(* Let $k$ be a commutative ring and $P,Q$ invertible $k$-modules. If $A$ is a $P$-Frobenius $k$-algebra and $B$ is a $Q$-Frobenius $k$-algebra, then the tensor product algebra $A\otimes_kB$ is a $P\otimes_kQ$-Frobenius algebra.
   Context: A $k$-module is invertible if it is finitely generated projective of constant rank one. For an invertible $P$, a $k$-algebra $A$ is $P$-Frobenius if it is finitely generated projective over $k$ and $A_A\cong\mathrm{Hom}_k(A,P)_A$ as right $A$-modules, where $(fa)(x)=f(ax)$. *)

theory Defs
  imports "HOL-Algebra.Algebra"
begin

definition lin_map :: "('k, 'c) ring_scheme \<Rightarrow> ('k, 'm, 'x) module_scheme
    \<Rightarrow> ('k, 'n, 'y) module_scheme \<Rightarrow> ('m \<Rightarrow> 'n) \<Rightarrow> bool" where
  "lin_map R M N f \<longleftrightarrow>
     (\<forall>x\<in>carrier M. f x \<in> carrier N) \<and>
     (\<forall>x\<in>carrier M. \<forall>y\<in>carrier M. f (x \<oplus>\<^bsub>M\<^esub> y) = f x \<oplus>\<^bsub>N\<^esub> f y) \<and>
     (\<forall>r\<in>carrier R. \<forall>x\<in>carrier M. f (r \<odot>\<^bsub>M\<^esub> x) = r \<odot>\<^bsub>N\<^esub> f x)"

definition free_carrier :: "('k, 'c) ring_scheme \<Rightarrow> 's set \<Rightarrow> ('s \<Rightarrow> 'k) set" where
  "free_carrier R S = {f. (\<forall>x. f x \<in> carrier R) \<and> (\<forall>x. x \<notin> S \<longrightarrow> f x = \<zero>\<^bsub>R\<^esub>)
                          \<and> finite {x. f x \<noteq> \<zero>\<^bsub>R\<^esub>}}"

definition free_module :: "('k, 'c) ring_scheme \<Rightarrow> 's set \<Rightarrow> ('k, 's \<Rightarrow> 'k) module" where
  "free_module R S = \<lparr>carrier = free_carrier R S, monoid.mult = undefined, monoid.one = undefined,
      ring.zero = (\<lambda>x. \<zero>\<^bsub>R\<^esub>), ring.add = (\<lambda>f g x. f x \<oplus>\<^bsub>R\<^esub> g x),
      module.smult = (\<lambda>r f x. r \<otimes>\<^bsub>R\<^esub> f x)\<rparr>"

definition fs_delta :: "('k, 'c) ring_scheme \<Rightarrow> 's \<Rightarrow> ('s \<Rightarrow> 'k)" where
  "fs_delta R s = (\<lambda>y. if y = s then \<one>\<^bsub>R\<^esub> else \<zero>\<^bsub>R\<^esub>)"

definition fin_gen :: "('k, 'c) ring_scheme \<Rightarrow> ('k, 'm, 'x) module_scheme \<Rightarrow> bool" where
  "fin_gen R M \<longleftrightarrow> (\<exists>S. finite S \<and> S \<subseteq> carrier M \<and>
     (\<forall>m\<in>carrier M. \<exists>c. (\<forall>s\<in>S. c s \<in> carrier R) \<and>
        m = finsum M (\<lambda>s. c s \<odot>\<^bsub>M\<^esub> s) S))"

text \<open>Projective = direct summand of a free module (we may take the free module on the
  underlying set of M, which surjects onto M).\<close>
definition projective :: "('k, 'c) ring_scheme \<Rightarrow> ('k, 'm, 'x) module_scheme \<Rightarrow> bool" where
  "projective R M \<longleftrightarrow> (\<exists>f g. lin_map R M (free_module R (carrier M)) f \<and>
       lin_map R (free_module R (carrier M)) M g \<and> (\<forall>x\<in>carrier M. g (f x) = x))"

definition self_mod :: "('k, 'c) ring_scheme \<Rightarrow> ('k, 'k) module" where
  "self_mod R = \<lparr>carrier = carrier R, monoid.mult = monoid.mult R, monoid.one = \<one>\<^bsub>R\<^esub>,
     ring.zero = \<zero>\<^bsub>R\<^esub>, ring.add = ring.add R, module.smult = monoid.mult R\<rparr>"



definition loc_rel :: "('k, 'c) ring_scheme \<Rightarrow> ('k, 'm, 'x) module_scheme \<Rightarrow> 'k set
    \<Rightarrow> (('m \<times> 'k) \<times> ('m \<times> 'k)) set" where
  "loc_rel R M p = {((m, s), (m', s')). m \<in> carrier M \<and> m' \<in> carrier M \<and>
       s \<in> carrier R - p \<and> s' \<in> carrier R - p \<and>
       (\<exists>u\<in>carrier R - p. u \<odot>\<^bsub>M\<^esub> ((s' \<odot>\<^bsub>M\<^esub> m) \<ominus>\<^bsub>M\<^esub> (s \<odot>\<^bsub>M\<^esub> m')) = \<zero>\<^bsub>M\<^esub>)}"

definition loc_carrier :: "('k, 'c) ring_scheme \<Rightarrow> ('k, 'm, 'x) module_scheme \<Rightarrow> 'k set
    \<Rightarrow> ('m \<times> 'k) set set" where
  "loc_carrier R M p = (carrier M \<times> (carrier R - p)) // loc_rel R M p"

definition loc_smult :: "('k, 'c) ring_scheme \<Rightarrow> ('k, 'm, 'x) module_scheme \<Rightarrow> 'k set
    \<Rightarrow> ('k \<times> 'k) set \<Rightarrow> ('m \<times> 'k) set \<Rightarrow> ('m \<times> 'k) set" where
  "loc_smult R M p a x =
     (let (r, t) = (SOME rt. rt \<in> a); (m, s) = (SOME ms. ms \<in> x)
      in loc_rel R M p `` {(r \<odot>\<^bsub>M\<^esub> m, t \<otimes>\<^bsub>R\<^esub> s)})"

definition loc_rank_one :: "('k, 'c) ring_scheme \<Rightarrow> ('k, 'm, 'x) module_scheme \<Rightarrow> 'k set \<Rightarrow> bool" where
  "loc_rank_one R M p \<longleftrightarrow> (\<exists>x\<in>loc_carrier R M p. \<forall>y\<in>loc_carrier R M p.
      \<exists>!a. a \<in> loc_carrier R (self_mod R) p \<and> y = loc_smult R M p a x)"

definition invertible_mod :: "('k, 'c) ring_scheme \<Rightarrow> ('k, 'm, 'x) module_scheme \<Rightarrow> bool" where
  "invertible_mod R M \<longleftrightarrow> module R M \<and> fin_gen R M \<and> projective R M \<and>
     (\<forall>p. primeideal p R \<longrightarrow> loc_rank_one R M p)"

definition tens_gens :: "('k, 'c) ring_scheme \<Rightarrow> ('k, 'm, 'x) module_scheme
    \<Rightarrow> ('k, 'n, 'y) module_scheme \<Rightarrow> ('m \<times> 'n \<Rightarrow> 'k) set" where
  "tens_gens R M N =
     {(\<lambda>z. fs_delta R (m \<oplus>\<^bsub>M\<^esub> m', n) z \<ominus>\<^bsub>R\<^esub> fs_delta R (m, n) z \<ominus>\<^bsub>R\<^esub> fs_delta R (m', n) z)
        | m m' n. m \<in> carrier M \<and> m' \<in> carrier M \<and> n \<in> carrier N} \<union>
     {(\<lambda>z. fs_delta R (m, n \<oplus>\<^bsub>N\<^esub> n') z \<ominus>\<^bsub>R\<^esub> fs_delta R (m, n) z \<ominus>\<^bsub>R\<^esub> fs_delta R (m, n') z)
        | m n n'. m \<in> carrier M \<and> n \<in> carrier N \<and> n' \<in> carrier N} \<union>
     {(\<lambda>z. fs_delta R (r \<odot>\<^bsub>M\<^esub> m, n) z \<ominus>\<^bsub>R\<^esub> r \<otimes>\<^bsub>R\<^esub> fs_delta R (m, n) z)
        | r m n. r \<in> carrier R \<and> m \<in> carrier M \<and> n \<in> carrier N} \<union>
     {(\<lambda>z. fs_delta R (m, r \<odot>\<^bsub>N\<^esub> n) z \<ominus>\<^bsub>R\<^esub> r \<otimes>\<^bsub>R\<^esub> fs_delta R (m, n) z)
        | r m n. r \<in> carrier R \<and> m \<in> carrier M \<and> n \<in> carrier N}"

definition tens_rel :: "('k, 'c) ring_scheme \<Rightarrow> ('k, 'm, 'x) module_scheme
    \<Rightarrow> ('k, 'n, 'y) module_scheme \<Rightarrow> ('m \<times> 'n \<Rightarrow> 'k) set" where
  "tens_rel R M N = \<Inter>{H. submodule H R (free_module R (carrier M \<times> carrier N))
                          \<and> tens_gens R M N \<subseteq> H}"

==

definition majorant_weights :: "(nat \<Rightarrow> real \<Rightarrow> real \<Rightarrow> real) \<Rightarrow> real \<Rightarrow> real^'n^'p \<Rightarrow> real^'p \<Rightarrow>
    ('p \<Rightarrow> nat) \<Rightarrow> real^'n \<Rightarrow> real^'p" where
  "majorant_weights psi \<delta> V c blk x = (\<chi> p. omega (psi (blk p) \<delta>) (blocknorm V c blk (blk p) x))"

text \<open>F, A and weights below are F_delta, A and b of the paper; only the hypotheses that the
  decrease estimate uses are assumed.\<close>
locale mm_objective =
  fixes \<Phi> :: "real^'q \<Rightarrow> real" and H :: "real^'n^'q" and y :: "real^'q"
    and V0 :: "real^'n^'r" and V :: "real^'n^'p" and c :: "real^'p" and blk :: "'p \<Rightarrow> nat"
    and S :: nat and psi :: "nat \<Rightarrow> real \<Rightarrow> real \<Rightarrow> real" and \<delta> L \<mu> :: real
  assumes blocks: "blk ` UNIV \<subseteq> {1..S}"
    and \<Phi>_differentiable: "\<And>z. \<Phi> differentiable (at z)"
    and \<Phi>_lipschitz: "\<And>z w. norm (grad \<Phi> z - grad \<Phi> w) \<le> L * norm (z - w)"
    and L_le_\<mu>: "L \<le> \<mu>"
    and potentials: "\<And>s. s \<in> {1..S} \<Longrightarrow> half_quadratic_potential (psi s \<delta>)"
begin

Aim of the task: Here the output must be the lines above from the line with "(\<forall>x\<in>carrier M. \<forall>y\<in>carrier" to the line with "(\<forall>r\<in>carrier R. \<forall>x\<in>carrier", both included, duplicated word for word and nothing else.

Output for this exercise:
     (\<forall>x\<in>carrier M. \<forall>y\<in>carrier M. f (x \<oplus>\<^bsub>M\<^esub> y) = f x \<oplus>\<^bsub>N\<^esub> f y) \<and>
     (\<forall>r\<in>carrier R. \<forall>x\<in>carrier M. f (r \<odot>\<^bsub>M\<^esub> x) = r \<odot>\<^bsub>N\<^esub> f x)"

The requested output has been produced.